Saturday, October 9, 2010

Youmna Chlala and Jeanno Gaussi

Youmna Chlala and Jeanno Gaussi
Via Khan el Zeit: Home Sweet Home – Jerusalem
Artist book, video & installation.(2010)

Home Sweet Home, Jerusalem is a publication, video & installation project that investigates the exhaustive qualities of continually moving between the real and the imagined. By activating a home-space, we interrogate the relationships of self/object/ space and respond to a ritual of location that is rooted in the belief that home remains both a search and a dream. (Text from Jerusalem Show Catalogue)


We were invited by ArteEast to the March Meeting in Sharjah in 2010 and we presented our project there. We had already done the project in Jordan so we had a very clear idea in mind. We wanted to find the next location and to find people who were interested in this project and would like to work with us. We met Jack and Jumana and they invited us to come to Jerusalem so we came here for a month from mid July – mid August 2010.

Home Sweet Home looks at the rituals associated with location: first imagining the location, then moving to / staying in that location, then leaving and finally re-imagining the location after you have left it. The project has several components that differ slightly from location to location but include video, installation and publication.


In Jordan the project consisted of a collaborative video, installation and magazine which we called The Beloved. We did interviews with old people in the village and asked them what their most beloved object was. Through these objects we were often able to quickly get to intimate memories and the life stories associated with these. In Jerusalem this format is slightly different. There are two videos, photographs and a publication.
During our visit here we stayed in an apartment in Jerusalem for a month so the whole project was created in and about this space. We compiled a complete inventory of objects in the apartment and photographed them juxtaposing certain objects with others in the publication. Some of the photographs are exhibited at Anadiel.

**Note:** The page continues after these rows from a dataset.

lemma qpoch_inf_le_exp:
  assumes r: "0 < r" "r < 1"
  shows "qpoch_inf r \<le> (1 - r) * exp (- (r ^ 2 / (1 - r)))"
proof -
  have "qpoch_inf r \<le> (1 - r) * exp (- (r ^ 2 * (1 - r ^ m) / (1 - r)))" for m
  proof -
    have "(\<Prod>i=1..m. 1 - r ^ (1 + i)) \<le> (\<Prod>i=1..m. exp (- (r ^ (1 + i))))"
    proof (rule prod_mono)
      fix i
      have "r ^ (1 + i) \<le> 1"
        using r by (intro power_le_one) auto
      moreover have "1 + - (r ^ (1 + i)) \<le> exp (- (r ^ (1 + i)))"
        by (rule exp_ge_add_one_self)
      ultimately show "0 \<le> 1 - r ^ (1 + i) \<and> 1 - r ^ (1 + i) \<le> exp (- (r ^ (1 + i)))"
        by simp
    qed
    also have "\<dots> = exp (- (\<Sum>i=1..m. r ^ (1 + i)))"
      by (simp add: exp_sum flip: sum_negf)
    also have "(\<Sum>i=1..m. r ^ (1 + i)) = (\<Sum>i<m. r ^ 2 * r ^ i)"
      by (rule sum.reindex_bij_witness[where j = "\<lambda>i. i - 1" and i = "\<lambda>i. i + 1"])
        (auto simp: power_add[symmetric])
    also have "\<dots> = r ^ 2 * (\<Sum>i<m. r ^ i)"
      by (simp add: sum_distrib_left)
    also have "\<dots> = r ^ 2 * (1 - r ^ m) / (1 - r)"
      using r by (simp add: sum_gp_strict)
    finally have "(1 - r) * (\<Prod>i=1..m. 1 - r ^ (1 + i)) \<le> (1 - r) * exp (- (r ^ 2 * (1 - r ^ m) / (1 - r)))"
      using r by (intro mult_left_mono) auto
    moreover have "qpoch r (1 + m) = (1 - r) * (\<Prod>i=1..m. 1 - r ^ (1 + i))"
      unfolding qpoch_add by (simp add: qpoch_def)
    ultimately show ?thesis
      using qpoch_inf_le_qpoch[OF r, of "1 + m"] by linarith
  qed
  moreover have "(\<lambda>m. (1 - r) * exp (- (r ^ 2 * (1 - r ^ m) / (1 - r))))
      \<longlonglongrightarrow> (1 - r) * exp (- (r ^ 2 * (1 - 0) / (1 - r)))"
    using r by (intro tendsto_intros LIMSEQ_power_zero) auto
  ultimately show ?thesis
    using LIMSEQ_le_const[of _ _ "qpoch_inf r"] by fastforce
qed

Their interaction with someone else’s home in Jerusalem had an added dimension which took their investigation and representation of the space to another level. The owner of the apartment lives in Ramallah but needs to keep up the appearance of living in Jerusalem otherwise it will be designated as empty and repossessed by the Israeli municipality. Therefore the representation of the space and every object in it is also the representation of an illusion that is fundamental if one is to retain the physical reality of that home in Jerusalem at all.



Always have a Plan B (II)
The Book (that wasn’t there) Launch

Youmna Chlala and Jeanno Gaussi like to work with local organizations in whatever location their project is being executed. So they used a printer in Ramallah to print the books. When they received the publication there were some serious problems with it so although the video and photography installation at Anadiel were fine, the book launch - without the book - had to be completely re-thought.


So instead of launching the book at the Educational Bookshop on Salahuddin Street, they described the project instead through objects representing each stage: a mirror for the first imagining, an embroidery frame for the moving and staying, a pair of shoes for the leaving and chewing gum, a taste that fades, for the re-imagining. They talked about their experience of the space and how each of them developed their own video projects, and also about the wider project and how the essence of a universal human experience is contained within it. They also noted that they had not actually seen each other’s video work until they saw it as exhibited for the Jerusalem Show at Anadiel:

The fact that each video piece happened without the other person present, meant that it wasn’t until the moment of the show opening that we saw actually each other’s work. This was great because we each had very different interpretations of the space so we then could have a conversation about each of our different pieces which in turn starts a whole other conversation.